- **What is required**:
Every line in the listing below from the one with "i)\<bar> \<le> real" through the one with "qed (use F_le_1 \<epsilon> in auto)" is to be reproduced exactly, both ends included; leave out the rest.

---- Exercise data

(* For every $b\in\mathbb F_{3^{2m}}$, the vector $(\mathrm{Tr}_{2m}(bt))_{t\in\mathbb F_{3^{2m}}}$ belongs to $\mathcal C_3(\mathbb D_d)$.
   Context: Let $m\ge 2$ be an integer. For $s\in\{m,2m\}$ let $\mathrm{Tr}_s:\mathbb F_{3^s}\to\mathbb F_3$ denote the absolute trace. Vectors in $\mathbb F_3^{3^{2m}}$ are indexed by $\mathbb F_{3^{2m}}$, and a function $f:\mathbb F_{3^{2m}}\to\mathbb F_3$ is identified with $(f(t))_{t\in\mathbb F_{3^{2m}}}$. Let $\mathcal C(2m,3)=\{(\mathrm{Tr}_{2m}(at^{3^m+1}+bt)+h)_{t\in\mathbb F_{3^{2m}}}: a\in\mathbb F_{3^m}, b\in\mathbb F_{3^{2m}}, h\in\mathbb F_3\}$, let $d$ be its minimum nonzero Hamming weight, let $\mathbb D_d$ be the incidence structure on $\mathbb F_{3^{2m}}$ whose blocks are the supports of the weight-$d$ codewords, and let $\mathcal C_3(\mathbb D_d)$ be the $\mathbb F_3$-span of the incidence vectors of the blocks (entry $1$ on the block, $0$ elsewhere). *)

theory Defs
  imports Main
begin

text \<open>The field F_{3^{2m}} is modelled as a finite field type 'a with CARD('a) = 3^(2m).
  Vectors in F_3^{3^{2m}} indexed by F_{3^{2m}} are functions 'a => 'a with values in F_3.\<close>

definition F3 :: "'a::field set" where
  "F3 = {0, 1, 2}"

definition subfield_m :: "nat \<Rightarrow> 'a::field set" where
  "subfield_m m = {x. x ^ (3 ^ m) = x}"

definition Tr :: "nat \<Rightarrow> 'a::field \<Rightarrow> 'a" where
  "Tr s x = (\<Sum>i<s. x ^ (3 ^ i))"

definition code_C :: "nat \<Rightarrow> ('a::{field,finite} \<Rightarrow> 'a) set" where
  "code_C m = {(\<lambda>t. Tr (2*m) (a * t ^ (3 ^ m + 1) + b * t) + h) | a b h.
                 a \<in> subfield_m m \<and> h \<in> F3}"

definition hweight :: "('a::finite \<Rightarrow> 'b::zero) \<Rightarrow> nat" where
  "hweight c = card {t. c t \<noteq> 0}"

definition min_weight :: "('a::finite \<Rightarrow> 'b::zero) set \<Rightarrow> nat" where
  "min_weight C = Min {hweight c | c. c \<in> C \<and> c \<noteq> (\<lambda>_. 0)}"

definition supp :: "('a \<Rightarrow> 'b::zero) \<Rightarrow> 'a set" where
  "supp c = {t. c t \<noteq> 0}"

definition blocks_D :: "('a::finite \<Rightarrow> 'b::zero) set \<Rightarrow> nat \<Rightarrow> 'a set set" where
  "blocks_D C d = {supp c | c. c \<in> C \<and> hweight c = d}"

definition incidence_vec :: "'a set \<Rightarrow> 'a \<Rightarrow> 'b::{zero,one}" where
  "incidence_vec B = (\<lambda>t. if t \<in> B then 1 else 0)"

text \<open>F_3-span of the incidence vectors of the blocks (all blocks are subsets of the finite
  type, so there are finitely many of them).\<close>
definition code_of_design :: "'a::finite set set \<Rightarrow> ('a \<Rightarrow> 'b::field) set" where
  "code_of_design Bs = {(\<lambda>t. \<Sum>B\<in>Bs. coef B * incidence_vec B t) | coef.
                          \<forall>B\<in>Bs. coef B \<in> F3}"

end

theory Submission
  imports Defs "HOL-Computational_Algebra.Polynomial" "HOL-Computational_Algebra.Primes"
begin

--------
---- Exercise data

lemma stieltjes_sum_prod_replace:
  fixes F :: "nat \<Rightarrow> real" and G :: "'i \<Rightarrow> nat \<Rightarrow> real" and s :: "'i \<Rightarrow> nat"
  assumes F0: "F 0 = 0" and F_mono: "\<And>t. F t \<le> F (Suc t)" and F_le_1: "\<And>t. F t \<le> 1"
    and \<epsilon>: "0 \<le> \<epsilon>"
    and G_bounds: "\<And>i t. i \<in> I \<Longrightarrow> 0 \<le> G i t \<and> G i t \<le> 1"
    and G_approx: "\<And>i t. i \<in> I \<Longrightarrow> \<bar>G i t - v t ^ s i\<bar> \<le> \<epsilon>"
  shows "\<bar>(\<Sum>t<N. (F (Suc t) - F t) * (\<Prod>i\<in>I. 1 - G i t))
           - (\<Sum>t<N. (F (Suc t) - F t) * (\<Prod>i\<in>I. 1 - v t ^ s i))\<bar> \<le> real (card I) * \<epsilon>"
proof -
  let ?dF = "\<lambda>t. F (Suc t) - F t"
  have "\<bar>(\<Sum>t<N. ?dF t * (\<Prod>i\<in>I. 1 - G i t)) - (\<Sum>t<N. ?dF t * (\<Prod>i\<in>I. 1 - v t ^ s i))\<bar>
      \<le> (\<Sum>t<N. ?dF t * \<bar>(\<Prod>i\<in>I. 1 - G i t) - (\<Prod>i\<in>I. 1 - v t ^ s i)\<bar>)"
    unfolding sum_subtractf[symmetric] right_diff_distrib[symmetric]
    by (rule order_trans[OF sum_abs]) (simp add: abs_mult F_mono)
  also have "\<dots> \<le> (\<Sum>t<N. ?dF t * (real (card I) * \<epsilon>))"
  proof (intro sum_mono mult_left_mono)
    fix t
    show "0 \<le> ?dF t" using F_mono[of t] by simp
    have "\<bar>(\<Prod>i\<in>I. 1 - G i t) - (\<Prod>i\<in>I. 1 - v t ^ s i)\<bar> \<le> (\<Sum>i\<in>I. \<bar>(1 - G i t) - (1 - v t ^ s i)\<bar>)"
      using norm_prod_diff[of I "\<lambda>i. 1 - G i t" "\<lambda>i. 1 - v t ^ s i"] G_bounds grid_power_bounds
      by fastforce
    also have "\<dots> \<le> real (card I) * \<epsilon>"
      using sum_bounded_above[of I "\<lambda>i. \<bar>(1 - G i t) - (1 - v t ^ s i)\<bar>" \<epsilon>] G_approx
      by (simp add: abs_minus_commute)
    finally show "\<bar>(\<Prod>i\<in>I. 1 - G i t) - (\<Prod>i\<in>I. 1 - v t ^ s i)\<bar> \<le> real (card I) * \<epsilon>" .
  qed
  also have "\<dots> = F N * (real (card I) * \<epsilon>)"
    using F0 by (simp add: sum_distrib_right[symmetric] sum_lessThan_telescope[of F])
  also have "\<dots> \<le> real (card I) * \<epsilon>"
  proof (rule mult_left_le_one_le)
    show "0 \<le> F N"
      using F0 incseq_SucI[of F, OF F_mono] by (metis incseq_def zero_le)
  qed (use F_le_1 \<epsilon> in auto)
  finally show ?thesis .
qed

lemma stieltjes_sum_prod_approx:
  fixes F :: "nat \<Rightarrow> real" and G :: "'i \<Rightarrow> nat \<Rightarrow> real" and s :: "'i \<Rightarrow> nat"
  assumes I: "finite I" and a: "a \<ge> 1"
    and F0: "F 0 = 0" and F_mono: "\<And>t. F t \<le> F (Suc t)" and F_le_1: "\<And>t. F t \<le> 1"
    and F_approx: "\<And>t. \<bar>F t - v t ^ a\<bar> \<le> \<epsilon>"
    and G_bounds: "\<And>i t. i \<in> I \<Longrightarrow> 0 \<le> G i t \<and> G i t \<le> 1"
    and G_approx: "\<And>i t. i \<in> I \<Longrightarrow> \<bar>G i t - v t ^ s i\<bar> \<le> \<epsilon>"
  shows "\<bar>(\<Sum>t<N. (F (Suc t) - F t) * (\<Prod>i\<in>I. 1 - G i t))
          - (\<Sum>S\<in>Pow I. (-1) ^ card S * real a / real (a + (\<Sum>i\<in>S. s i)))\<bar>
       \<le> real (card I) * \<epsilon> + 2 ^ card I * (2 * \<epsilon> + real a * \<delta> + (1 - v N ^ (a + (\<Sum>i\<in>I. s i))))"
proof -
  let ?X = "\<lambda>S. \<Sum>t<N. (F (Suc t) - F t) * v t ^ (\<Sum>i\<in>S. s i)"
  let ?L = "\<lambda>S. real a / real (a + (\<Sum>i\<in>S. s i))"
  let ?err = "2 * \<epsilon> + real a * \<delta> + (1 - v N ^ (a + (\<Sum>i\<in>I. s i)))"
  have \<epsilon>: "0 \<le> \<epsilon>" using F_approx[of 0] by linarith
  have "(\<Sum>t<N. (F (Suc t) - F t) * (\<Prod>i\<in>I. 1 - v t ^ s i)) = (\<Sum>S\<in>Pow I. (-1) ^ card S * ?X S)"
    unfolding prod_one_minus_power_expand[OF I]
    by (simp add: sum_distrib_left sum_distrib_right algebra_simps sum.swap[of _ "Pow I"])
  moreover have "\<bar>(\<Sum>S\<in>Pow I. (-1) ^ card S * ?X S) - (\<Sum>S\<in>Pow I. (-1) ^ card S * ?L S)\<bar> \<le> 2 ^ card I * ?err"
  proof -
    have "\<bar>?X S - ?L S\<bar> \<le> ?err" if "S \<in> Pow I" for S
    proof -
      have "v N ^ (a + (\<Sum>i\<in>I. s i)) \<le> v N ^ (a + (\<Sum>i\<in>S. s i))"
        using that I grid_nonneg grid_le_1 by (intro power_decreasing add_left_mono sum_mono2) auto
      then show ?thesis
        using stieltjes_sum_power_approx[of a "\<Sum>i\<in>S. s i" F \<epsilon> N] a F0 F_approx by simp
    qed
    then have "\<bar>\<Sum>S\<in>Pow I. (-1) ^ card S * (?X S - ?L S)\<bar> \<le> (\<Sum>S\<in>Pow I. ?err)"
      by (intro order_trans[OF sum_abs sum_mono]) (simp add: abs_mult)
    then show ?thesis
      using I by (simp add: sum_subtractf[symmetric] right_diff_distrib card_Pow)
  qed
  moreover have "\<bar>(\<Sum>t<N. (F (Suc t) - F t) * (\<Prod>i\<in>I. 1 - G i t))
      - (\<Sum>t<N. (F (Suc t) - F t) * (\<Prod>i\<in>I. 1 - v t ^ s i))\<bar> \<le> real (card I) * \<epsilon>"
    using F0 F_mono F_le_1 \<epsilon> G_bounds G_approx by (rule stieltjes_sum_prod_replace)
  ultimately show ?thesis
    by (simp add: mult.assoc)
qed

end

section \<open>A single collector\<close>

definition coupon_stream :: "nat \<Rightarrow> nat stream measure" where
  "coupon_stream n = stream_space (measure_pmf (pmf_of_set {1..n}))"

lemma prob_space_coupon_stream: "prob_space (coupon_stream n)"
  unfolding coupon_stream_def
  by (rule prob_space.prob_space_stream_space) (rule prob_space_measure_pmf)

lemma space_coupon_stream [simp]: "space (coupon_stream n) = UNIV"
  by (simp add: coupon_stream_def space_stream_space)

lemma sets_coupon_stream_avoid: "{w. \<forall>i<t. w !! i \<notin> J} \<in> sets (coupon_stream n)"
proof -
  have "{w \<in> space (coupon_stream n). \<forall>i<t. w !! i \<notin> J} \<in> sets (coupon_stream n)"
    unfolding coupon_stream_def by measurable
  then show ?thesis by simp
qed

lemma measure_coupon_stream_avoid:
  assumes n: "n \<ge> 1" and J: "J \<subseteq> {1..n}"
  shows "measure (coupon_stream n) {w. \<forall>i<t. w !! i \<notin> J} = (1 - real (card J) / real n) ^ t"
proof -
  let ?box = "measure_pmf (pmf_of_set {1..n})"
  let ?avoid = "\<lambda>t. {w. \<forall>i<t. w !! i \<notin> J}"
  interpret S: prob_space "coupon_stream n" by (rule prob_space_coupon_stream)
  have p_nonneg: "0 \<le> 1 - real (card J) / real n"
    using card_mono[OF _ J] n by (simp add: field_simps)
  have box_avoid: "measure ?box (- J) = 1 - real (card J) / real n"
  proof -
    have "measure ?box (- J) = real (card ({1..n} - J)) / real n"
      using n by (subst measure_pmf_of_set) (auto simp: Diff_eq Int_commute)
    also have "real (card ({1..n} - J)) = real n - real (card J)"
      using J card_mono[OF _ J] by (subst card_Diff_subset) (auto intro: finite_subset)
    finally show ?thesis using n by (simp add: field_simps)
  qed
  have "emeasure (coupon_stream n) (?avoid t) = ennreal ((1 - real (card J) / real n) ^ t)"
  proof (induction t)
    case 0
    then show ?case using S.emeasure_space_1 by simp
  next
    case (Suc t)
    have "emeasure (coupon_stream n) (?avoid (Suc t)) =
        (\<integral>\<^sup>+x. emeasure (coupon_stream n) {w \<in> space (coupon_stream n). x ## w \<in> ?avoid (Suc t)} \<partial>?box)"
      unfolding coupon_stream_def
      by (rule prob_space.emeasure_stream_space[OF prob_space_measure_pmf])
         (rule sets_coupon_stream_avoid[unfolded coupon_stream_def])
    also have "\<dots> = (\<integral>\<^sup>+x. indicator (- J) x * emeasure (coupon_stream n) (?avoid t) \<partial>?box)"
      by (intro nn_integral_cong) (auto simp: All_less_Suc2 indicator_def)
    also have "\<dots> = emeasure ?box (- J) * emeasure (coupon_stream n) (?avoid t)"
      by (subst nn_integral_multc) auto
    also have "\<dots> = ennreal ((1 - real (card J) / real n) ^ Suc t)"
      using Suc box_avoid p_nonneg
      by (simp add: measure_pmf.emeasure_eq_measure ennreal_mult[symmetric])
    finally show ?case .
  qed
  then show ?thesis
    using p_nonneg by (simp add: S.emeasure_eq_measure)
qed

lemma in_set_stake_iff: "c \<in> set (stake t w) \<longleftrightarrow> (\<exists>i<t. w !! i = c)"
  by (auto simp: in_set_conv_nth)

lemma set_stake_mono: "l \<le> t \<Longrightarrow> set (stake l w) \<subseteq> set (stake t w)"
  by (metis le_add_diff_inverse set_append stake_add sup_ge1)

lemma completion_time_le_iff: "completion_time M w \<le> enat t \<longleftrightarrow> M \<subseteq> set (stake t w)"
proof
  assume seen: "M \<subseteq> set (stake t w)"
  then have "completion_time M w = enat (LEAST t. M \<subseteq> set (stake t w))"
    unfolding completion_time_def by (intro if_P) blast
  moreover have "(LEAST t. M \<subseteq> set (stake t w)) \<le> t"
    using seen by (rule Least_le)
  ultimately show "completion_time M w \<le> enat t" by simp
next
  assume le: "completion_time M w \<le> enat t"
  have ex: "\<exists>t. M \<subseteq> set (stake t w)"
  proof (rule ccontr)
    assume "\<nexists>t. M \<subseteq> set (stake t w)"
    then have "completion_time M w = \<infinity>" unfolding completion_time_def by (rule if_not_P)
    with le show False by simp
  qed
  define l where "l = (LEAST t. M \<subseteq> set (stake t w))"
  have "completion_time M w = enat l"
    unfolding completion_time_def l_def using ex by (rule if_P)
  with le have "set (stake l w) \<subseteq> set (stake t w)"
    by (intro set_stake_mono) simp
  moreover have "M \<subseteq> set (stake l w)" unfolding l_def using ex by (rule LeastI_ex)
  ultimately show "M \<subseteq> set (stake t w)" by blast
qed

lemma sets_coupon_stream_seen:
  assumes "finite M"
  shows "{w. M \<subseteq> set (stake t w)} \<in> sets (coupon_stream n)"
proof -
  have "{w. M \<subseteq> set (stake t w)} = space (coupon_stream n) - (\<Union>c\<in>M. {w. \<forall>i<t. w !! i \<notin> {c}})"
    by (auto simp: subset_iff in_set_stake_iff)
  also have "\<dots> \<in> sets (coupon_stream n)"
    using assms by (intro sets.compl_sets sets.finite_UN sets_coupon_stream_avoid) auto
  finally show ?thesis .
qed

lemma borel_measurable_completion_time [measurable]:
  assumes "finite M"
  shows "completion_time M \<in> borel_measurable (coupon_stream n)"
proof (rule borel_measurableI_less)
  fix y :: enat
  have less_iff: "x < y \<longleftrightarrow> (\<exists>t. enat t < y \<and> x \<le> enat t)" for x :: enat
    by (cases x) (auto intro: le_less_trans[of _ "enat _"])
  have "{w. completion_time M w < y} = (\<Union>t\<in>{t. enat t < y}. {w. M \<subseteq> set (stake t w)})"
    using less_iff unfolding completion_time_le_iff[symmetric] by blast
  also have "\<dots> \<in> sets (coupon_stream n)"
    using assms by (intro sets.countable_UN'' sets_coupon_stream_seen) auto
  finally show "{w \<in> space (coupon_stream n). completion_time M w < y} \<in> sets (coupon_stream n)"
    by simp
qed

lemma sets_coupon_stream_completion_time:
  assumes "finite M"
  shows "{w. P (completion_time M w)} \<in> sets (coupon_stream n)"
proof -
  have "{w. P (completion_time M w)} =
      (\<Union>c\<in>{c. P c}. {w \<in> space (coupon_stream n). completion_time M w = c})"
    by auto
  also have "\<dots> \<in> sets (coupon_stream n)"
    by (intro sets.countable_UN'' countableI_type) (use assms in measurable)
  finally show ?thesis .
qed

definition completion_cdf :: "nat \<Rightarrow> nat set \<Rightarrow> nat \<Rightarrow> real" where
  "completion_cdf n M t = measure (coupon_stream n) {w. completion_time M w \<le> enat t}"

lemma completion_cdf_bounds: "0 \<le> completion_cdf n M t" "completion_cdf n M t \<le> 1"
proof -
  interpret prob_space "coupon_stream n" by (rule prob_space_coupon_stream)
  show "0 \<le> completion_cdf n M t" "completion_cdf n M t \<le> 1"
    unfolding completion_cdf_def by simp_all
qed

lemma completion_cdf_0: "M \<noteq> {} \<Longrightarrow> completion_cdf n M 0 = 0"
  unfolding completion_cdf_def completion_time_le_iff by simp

--------

- **Solution to the exercise**:
    finally show "\<bar>(\<Prod>i\<in>I. 1 - G i t) - (\<Prod>i\<in>I. 1 - v t ^ s i)\<bar> \<le> real (card I) * \<epsilon>" .
  qed
  also have "\<dots> = F N * (real (card I) * \<epsilon>)"
    using F0 by (simp add: sum_distrib_right[symmetric] sum_lessThan_telescope[of F])
  also have "\<dots> \<le> real (card I) * \<epsilon>"
  proof (rule mult_left_le_one_le)
    show "0 \<le> F N"
      using F0 incseq_SucI[of F, OF F_mono] by (metis incseq_def zero_le)
  qed (use F_le_1 \<epsilon> in auto)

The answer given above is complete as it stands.